Saturday, November 28, 2009

Yankees Once Played Here

For those of you not from or not familiar with the Albany area, Yankees once played here.  From 1985-1994 the Albany Colonie Yankees, a Double-A Eastern League minor league affiliate of the New York Yankees called Heritage Park home for ten years.

In fact nearly 100 or so players who made it to the major leagues honed their craft at the ballpark by the airport.  Including Yankees Captain and Shortstop Derek Jeter ('94), Catcher Jorge Posada ('93), Closer Mariano Rivera ('94) Starting Pitcher Andy Pettitte ('93-94) and recently retired Center fielder Bernie Williams (‘89-90).  Other players who contributed to their recent run of dynastic success who played at Albany are guys like Catcher Jim Leyritz (‘88-89), Second basemen Andy Fox (‘93-94) reliever Brian Boehringer ('94).

Amongst other notable names to have played here that made it to the bigs are Al Leiter, Gerald Williams, J.T. Snow, Roberto Kelly, Hal Morris, Doug Drabek, Pat Kelly, Randy Velarde, Andy Stankiewicz, Russ Davis, Sterling Hitchcock, Lyle Mouton, Jalal Leach, Mark Hutton, Kevin Maas, Mike DeJean, Bob Geren and even "Primetime" himself Deion Sanders.  Current players still in the majors along with those current Yankees are Brad Ausmus, Russ Springer.

While their parent club in New York was essentially sleepwalking through the better part of the late 1980's and early 1990's, Heritage Park was the place for exciting Yankee baseball on the way up to the big leagues.

Which would explain why in 1985 Albany smashed and set the Eastern League record for attendance with over 324,003.  In fact as the Oakland A's Double-A affiliate in 1983, Albany drew over 200,000 fans for a team that finished in last place.  Back to the Yankees though, from 1985-1987 Albany led the Eastern League in attendance and from 1985-1990 Albany was top 3 in attendance each year and if one wants to count the A's days (1983-1984) Albany finished in the top 3 in attendance from 1983-1990.  Of course attendance figures were skewed in the last remaining years (1991-1994) due in part to a fan base that was alienated by constant rumors and attempts by ownership to move the team.

Perhaps no more memorable moment happened than in 1986 when Yankees legend and current pitching coach Ron Guidry came to pitch in a rehab start for 3 innings in front of a packed beyond capacity crowd of 14,491.  Of course there would be other occasions where fans would see former players like Reggie Jackson or Willie Randolph around the park to help with the younger players.  Or scouts who came with radar guns by the dozen to watch former Yankee fire-balling lefty prospect Brien Taylor pitch in 1993, a year before he would ruin his arm in a bar-fight.  Even in 1994 during the strike Buck Showalter who managed the Albany Colonie Yankees to a championship in 1989, their second of three (1988, 1989, 1991) with many of the players who would contribute to World Series Championships in New York, was on hand to scout players who would also contribute to those championships with Gene "Stick" Michael and Billy Connors.

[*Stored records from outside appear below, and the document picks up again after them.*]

lemma irreducible_disc_poly: "irreducible disc_poly"
proof (rule irreducibleI)
  fix G H
  assume GH: "disc_poly = G * H"
  show "G dvd 1 \<or> H dvd 1"
  proof (rule ccontr)
    assume "\<not> (G dvd 1 \<or> H dvd 1)"
    then have "degree (test_specialization G) \<noteq> 0" "degree (test_specialization H) \<noteq> 0"
      using degree_test_specialization_nonunit_factor GH by (metis mult.commute)+
    have spec:
      "test_specialization G * test_specialization H = [:([:0, 1:] ^ 3 - 1) ^ 2, - 4 * [:0, 1:] ^ 2:]"
      using GH by (rule test_specialization_factors)
    moreover have "test_specialization G \<noteq> 0" "test_specialization H \<noteq> 0"
      using spec by auto
    ultimately have "degree (test_specialization G) + degree (test_specialization H) = 1"
      by (simp flip: degree_mult_eq add: One_nat_def)
    then show False
      using \<open>degree (test_specialization G) \<noteq> 0\<close> \<open>degree (test_specialization H) \<noteq> 0\<close> by linarith
  qed
qed (use disc_poly_nonzero not_unit_disc_poly in auto)

theorem theorem3p11:
  shows "\<exists>D :: cmpoly. mp_vars_below 12 D \<and> mp_homogeneous 6 D \<and> irreducible D \<and>
           (\<forall>a. (\<exists>i<12. a i \<noteq> 0) \<longrightarrow> (a \<in> discriminant \<longleftrightarrow> mp_eval D a = 0))"
proof (intro exI[of _ disc_poly] conjI allI impI)
  show "mp_vars_below 12 disc_poly"
    by (rule mp_vars_below_disc_poly)
  show "irreducible disc_poly"
    by (rule irreducible_disc_poly)
  then show "mp_homogeneous 6 disc_poly"
    using homogeneous_disc_poly by (simp add: mp_homogeneous_def homogeneous_def irreducible_def)
  fix a :: "nat \<Rightarrow> complex"
  assume "\<exists>i<12. a i \<noteq> 0"
  then show "a \<in> discriminant \<longleftrightarrow> mp_eval disc_poly a = 0"
    by (simp add: discriminant_def mp_eval_disc_poly exists_singular_zero_iff)
qed

end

After the 1994 season the team left and along with it cheap quality minor league baseball.  Mostly because there was no local ownership and no local businesses willing to step up and keep the team in Albany.  Nobody wanted to put any money towards improvements of a ballpark that was unfortunately built before the Camden Yards era.  Failure also stemmed from the state level of government to local politicians in Albany County and the Town of Colonie, who years after the team left could never build a new stadium to secure another team.